You Are the Pebble in the Pond

Ripples on Water“The world is falling apart. By the time I’m old enough to take care of myself, there might not be anything left. The stupid people that hurt the earth, hurt other people, and even tell me what I’m supposed to do with my own body…they make me so angry I can’t stand it!”

These were the words shared with me in a conversation I had a couple of nights ago with my 14 year old son. He spoke through tears, expressing a deep pain. As a mother, I could only sit in compassion for his pain, and listen for guidance to support him. How deeply his words and pain ring true for so many young people today!

As mothers, we are constantly wondering if our children will be ok.

I hear new mothers wondering how to navigate their children’s growth and development through the turmoil of our times.
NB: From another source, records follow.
theorem mainTheorem4:
  fixes M :: "'a measure"
    and f0 f1 :: "real \<Rightarrow> real"
    and X Y C D :: "nat \<Rightarrow> 'a \<Rightarrow> real"
  assumes "prob_space M"
    and dens0: "is_density f0" and dens1: "is_density f1"
    and cont0: "continuous_on UNIV f0" and cont1: "continuous_on UNIV f1"
    and neq: "f0 \<noteq> f1"
    and pos0: "AE u in density lborel (\<lambda>u. ennreal (f0 u)). f0 u > 0 \<and> f1 u > 0"
    and pos1: "AE u in density lborel (\<lambda>u. ennreal (f1 u)). f0 u > 0 \<and> f1 u > 0"
    and sq0: "integrable (density lborel (\<lambda>u. ennreal (f0 u))) (\<lambda>u. (llr f0 f1 u)\<^sup>2)"
    and sq1: "integrable (density lborel (\<lambda>u. ennreal (f1 u))) (\<lambda>u. (llr f0 f1 u)\<^sup>2)"
    and var0: "prob_space.variance (density lborel (\<lambda>u. ennreal (f0 u))) (llr f0 f1) > 0"
    and var1: "prob_space.variance (density lborel (\<lambda>u. ennreal (f1 u))) (llr f0 f1) > 0"
    and distX: "\<And>n. distributed M lborel (X n) (\<lambda>u. ennreal (f0 u))"
    and distY: "\<And>n. distributed M lborel (Y n) (\<lambda>u. ennreal (f1 u))"
    and coinC: "\<And>n. prob_space.prob M {\<omega> \<in> space M. C n \<omega> = 1} = 1/2 \<and>
                     prob_space.prob M {\<omega> \<in> space M. C n \<omega> = 0} = 1/2"
    and coinD: "\<And>n. prob_space.prob M {\<omega> \<in> space M. D n \<omega> = 1} = 1/2 \<and>
                     prob_space.prob M {\<omega> \<in> space M. D n \<omega> = 0} = 1/2"
    and indep: "prob_space.indep_vars M (\<lambda>_. borel)
                  (\<lambda>(s, n). case s of SrcX \<Rightarrow> X n | SrcY \<Rightarrow> Y n | SrcC \<Rightarrow> C n | SrcD \<Rightarrow> D n)
                  UNIV"
  shows "\<forall>\<epsilon>>0. (\<lambda>n. prob_space.prob M {\<omega> \<in> space M.
            \<bar>real (snd (method_counts f0 f1 (\<lambda>j. X j \<omega>) (\<lambda>j. Y j \<omega>) (\<lambda>j. C j \<omega>) (\<lambda>j. D j \<omega>) n))
             / real (fst (method_counts f0 f1 (\<lambda>j. X j \<omega>) (\<lambda>j. Y j \<omega>) (\<lambda>j. C j \<omega>) (\<lambda>j. D j \<omega>) n))
             - 0\<bar> > \<epsilon>}) \<longlonglongrightarrow> 0"
proof -
  interpret prob_space M by fact
  have indep_X: "indep_vars (\<lambda>_. borel) X UNIV"
    using indep_vars_reindex[OF indep, of "\<lambda>j. (SrcX, j)" UNIV] by (simp add: inj_on_def)
  have indep_Y: "indep_vars (\<lambda>_. borel) Y UNIV"
    using indep_vars_reindex[OF indep, of "\<lambda>j. (SrcY, j)" UNIV] by (simp add: inj_on_def)
  have "AE \<omega> in M. eventually (\<lambda>m. 0 < (\<Sum>j<m. llr f0 f1 (X j \<omega>))) sequentially"
    by (rule AE_eventually_llr_sums_pos[OF dens0 dens1 pos0 sq0 var0 distX indep_X])
  moreover have "AE \<omega> in M. eventually (\<lambda>m. 0 < (\<Sum>j<m. llr f1 f0 (Y j \<omega>))) sequentially"
  proof (rule AE_eventually_llr_sums_pos[OF dens1 dens0 _ _ _ distY indep_Y])
    show "AE u in dens_measure f1. 0 < f1 u \<and> 0 < f0 u"
      using pos1 by eventually_elim auto
  qed (use sq1 var1 in \<open>simp_all add: llr_swap[of f1 f0] power2_commute\<close>)
  ultimately have "AE \<omega> in M. (\<lambda>n.
      real (snd (method_counts f0 f1 (\<lambda>j. X j \<omega>) (\<lambda>j. Y j \<omega>) (\<lambda>j. C j \<omega>) (\<lambda>j. D j \<omega>) n))
      / real (fst (method_counts f0 f1 (\<lambda>j. X j \<omega>) (\<lambda>j. Y j \<omega>) (\<lambda>j. C j \<omega>) (\<lambda>j. D j \<omega>) n)))
      \<longlonglongrightarrow> 0"
    by eventually_elim (rule method_counts_ratio_tendsto_0; simp add: llr_swap[of f1 f0] sum_negf)
  then show ?thesis
    by (rule tendsto_in_probability_if_AE_tendsto)
qed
I hear want-to-be mothers wondering if they should bring children into this world. And here I was with my teenager, wondering if I could be a vessel for the wisdom that he so needed in that moment of pain.

How do we hold a bigger perspective, and maintain hope for the future in the midst of what takes us so easily into despair?

 

First, we listen.

What is the message being communicated? What are the emotions telling us? How can we work with the emotions, and have command over them so they are not driving us? As my son expressed his anger, and said “How can I live my life if I’m so full of anger about what life is?” I responded by saying, “What if that anger is teaching you something? What if you are being given that anger about how things are as a force of energy to be used to do things differently in the world?”

Then, we ask questions.

We cannot assume, under any circumstances, that we know what’s really going on. We don’t have the full picture of the feelings of another. We don’t have the understanding of why decisions are being made that are being made. We don’t know what we would do in another person’s shoes because we are not that other person, nor have we experienced the totality of their experience. Our view is limited. We are but one pair of eyes looking at life from one vantage point.To judge others is to view us as separate from one another. We are not separate, but we do have different viewpoints, talents, skills and gifts to share, all necessary as part of the whole. How can we see beneath the surface to the message, gifts or teachings of the situation?

Only with interest and asking questions can we begin to see a bigger picture.

 

I was reminding myself of this constantly as I sat and listened to my son. The teen years are a time of finding oneself. It is a time of confusion, chaos, struggle, awkwardness and birth. Teens are working to birth themselves. They are seeking to find who they are becoming in the world, and how they fit in to the bigger picture. They will birth the “I Am” aspect of themselves at roughly age 21, and will navigate the mass of emotions and new experiences that come with the teen years in order to prepare for this birth.

My son went on to say that he feels like he doesn’t know what he’s supposed to do, only that he’s supposed to do something. “I don’t understand what school is for, or all of these stupid things like money, insurance, or taxes. Why does anyone think they own the earth? Why do I have to go to school where someone tells me what to learn rather than learning what I want to learn? Why does someone think I need to pay for insurance rather than just take my own responsibility for what happens? How am I going to afford all of this when I’m older? How will I ever buy a house or land or a car or pay all my bills? What am I supposed to do? How do I know what to choose so I can make it in this world?”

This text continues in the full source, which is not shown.